Did you know that the Berengaria carried the first ocean-going stock brokerage between 1928 and 1930? The broker had seats on the New York and the London exchanges, and would excecute trades for customers via A special Radiomarine Corporation of America/Marconi wireless station which was dedicated to the use of the brokerage.
 

Espee

Practically Family
Messages
548
Location
southern California
Did you know that the Berengaria carried the first ocean-going stock brokerage between 1928 and 1930? The broker had seats on the New York and the London exchanges, and would excecute trades for customers via A special Radiomarine Corporation of America/Marconi wireless station which was dedicated to the use of the brokerage.
Wow, I can picture the ship being met at both ports by Occupy protestors.
 

Shangas

I'll Lock Up
Messages
6,116
Location
Melbourne, Australia
i've heard of such things on ships before. I think it was the Acquitania that even had a shipboard newspaper. Breaking stories on both sides of the Atlantic were cabled in across the ocean by telegraph and then it was typed up and printed for passengers to read, hot off the press during their voyage.
 

vitanola

I'll Lock Up
Messages
4,254
Location
Gopher Prairie, MI
Wow, I can picture the ship being met at both ports by Occupy protestors.
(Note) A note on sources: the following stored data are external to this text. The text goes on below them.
lemma parent_spec:
  assumes "x \<in> V"
  shows "parent x \<in> V \<and> depth (parent x) = depth x - 1 \<and> (x \<noteq> c \<longrightarrow> E x (parent x))"
proof (cases "x = c")
  case True
  then show ?thesis
    using root_in depth_eq_0_iff[OF root_in] by (simp add: parent_def)
next
  case False
  then have "\<exists>y. y \<in> V \<and> E x y \<and> depth y = depth x - 1"
    using graph_dist_predecessor[OF connected root_in assms] symmetric unfolding depth_def by metis
  from someI_ex[OF this] show ?thesis
    using False by (simp add: parent_def)
qed

lemma parent_in: "x \<in> V \<Longrightarrow> parent x \<in> V"
  and depth_parent: "x \<in> V \<Longrightarrow> depth (parent x) = depth x - 1"
  and adjacent_parent: "x \<in> V \<Longrightarrow> x \<noteq> c \<Longrightarrow> E x (parent x)"
  using parent_spec by blast+

lemma funpow_parent: "x \<in> V \<Longrightarrow> (parent ^^ k) x \<in> V \<and> depth ((parent ^^ k) x) = depth x - k"
  by (induction k) (auto simp: parent_in depth_parent)

lemma ancestor_in: "x \<in> V \<Longrightarrow> ancestor r x \<in> V"
  unfolding ancestor_def using funpow_parent by blast

lemma depth_ancestor: "x \<in> V \<Longrightarrow> r \<le> depth x \<Longrightarrow> depth (ancestor r x) = r"
  unfolding ancestor_def using funpow_parent by simp

lemma ancestor_eq_self: "depth x \<le> r \<Longrightarrow> ancestor r x = x"
  unfolding ancestor_def by simp

lemma ancestor_ancestor:
  assumes "x \<in> V" "r \<le> s" "s \<le> depth x"
  shows "ancestor r (ancestor s x) = ancestor r x"
proof -
  have "ancestor r (ancestor s x) = (parent ^^ (s - r)) ((parent ^^ (depth x - s)) x)"
    using depth_ancestor assms unfolding ancestor_def by simp
  also have "\<dots> = (parent ^^ (s - r + (depth x - s))) x"
    by (simp add: funpow_add)
  also have "s - r + (depth x - s) = depth x - r"
    using assms by simp
  finally show ?thesis unfolding ancestor_def .
qed

lemma parent_eq_ancestor:
  assumes "x \<in> V" "x \<noteq> c"
  shows "parent x = ancestor (depth x - 1) x"
proof -
  have "depth x - (depth x - 1) = 1"
    using depth_eq_0_iff[OF assms(1)] assms(2) by simp
  then show ?thesis unfolding ancestor_def by simp
qed

lemma self_in_subtree: "x \<in> V \<Longrightarrow> x \<in> subtree x"
  unfolding subtree_def by (simp add: ancestor_eq_self)

lemma subtree_root: "subtree c = V"
proof -
  have "ancestor 0 x = c" if "x \<in> V" for x
    using that ancestor_in depth_ancestor depth_eq_0_iff by (metis le0)
  then show ?thesis
    using depth_eq_0_iff[OF root_in] unfolding subtree_def by auto
qed

lemma ancestor_in_subtree:
  assumes "x \<in> subtree y" "depth y \<le> s" "s \<le> depth x"
  shows "ancestor s x \<in> subtree y"
  using assms ancestor_in depth_ancestor ancestor_ancestor unfolding subtree_def by auto

end

locale labelled_rooted_graph = rooted_graph +
  fixes label :: "'a \<Rightarrow> nat" and K :: nat
  assumes label_inj: "inj_on label V" and label_less: "x \<in> V \<Longrightarrow> label x < 2 ^ K"
begin

definition bit_cut :: "nat \<Rightarrow> nat \<Rightarrow> bool \<Rightarrow> 'a set" where
  "bit_cut r t b = {x \<in> V. depth x < r \<or> bit (label (ancestor r x)) t \<noteq> b}"

definition categories :: "'a set set" where
  "categories = subtree ` (V - {c}) \<union>
     (\<lambda>(r, t, b). bit_cut r t b) ` ({1..graph_diam V E} \<times> {..<K} \<times> UNIV)"

lemma ancestor_in_bit_cut:
  assumes "x \<in> bit_cut r t b" "s \<le> depth x"
  shows "ancestor s x \<in> bit_cut r t b"
proof (cases "s < r")
  case True
  then show ?thesis
    using assms ancestor_in depth_ancestor unfolding bit_cut_def by auto
next
  case False
  then have "ancestor r (ancestor s x) = ancestor r x" "\<not> depth x < r"
    using assms ancestor_ancestor unfolding bit_cut_def by auto
  then show ?thesis
    using assms ancestor_in unfolding bit_cut_def by auto
qed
Well something of the sort happened on board the Berengeria on a voyage from Southampton to New York during which the Panic occurred in October of 1929. the First Calss passengers were allowed access to tbe brokerage, where they were able to mitigate some of their losses (Helena Rubenstein actually turned a profit in her trades during this trip) all the while the second class passengers,many of whom were heavily exposed to the market, were kept away from the brokerage by a locked gate and armed stewards. Quite a number of the Second Class passengers returned to New York utterly ruined as a result.